Data for review
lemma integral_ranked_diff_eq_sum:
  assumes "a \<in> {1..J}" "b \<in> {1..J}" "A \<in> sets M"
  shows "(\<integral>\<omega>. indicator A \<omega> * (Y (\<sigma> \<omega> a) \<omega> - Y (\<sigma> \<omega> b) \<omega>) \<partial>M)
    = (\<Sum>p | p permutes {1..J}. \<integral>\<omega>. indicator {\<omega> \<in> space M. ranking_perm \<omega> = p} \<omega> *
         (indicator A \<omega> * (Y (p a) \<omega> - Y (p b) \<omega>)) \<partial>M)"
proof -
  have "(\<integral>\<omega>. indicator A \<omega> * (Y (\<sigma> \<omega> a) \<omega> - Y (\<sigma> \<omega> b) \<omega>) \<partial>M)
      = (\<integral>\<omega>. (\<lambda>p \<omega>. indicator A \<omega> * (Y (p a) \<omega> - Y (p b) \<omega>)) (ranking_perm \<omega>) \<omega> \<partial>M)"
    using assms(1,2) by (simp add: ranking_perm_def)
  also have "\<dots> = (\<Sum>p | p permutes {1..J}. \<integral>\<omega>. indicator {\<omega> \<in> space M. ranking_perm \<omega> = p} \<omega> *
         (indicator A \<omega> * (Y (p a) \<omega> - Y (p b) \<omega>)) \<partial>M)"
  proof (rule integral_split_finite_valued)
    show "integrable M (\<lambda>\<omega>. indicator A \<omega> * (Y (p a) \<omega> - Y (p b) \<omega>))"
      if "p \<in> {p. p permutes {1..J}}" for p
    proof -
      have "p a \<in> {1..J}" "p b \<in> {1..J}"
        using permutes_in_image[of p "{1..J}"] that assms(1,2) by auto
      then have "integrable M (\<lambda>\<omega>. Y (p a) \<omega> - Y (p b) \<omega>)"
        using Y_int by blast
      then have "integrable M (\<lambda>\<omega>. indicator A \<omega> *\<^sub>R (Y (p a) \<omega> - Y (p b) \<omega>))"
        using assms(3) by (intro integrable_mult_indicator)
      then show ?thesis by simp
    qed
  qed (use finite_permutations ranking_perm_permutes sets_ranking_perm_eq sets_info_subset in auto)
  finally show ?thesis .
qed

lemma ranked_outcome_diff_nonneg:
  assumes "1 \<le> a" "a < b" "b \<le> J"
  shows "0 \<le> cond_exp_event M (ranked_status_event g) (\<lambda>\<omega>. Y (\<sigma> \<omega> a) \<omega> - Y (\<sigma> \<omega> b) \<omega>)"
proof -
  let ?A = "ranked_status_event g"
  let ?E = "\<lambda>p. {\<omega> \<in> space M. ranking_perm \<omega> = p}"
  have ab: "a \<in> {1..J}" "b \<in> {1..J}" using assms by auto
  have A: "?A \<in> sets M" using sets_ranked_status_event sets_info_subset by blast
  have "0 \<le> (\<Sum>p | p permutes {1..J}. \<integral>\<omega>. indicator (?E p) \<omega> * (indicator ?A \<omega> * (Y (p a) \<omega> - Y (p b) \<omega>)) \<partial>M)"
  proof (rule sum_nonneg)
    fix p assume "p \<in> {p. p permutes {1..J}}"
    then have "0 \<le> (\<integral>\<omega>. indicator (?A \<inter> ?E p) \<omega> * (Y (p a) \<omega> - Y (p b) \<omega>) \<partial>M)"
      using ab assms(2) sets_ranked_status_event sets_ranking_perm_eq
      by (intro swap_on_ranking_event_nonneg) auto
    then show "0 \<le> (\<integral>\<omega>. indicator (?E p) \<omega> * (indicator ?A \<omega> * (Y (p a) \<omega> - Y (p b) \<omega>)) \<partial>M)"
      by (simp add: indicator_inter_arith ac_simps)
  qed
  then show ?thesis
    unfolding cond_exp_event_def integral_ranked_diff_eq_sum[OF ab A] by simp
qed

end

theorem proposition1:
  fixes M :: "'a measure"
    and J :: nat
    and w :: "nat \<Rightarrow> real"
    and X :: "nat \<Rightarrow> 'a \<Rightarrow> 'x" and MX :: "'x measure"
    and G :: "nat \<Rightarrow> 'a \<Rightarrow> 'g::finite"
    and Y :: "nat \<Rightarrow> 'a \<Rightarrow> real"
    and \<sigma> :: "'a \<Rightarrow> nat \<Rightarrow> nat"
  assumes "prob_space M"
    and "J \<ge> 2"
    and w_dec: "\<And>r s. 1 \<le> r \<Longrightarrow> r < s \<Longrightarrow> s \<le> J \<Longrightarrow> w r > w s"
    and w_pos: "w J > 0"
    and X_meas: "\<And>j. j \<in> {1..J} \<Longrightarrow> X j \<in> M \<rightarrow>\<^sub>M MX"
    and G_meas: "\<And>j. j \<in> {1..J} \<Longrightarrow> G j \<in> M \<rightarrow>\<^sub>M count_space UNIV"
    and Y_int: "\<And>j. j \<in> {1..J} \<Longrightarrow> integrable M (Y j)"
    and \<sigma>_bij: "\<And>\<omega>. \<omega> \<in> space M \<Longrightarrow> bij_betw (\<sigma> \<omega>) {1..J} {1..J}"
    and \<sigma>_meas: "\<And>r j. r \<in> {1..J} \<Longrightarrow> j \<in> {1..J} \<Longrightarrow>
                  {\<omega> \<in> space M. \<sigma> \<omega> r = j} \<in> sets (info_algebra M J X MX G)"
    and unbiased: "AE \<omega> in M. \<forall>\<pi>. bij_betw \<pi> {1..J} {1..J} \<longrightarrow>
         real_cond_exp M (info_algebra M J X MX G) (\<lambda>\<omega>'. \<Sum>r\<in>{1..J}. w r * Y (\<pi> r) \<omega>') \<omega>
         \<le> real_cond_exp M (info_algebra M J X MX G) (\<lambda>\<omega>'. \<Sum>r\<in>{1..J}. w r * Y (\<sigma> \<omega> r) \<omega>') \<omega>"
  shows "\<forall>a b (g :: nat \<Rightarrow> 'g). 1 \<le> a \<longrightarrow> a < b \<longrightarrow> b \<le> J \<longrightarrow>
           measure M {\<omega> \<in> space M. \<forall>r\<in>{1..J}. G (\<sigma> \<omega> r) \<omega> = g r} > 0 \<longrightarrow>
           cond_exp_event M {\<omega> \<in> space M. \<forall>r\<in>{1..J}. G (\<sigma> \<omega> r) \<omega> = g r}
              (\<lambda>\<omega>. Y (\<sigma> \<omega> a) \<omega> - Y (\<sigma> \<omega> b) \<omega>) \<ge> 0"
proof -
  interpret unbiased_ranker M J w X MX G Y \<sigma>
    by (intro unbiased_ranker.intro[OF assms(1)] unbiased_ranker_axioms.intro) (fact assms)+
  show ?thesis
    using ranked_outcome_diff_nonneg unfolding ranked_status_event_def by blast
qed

What the exercise asks
In the listing above, how many lines include the string "lemma"? Reply with the number alone.

Problem solution
2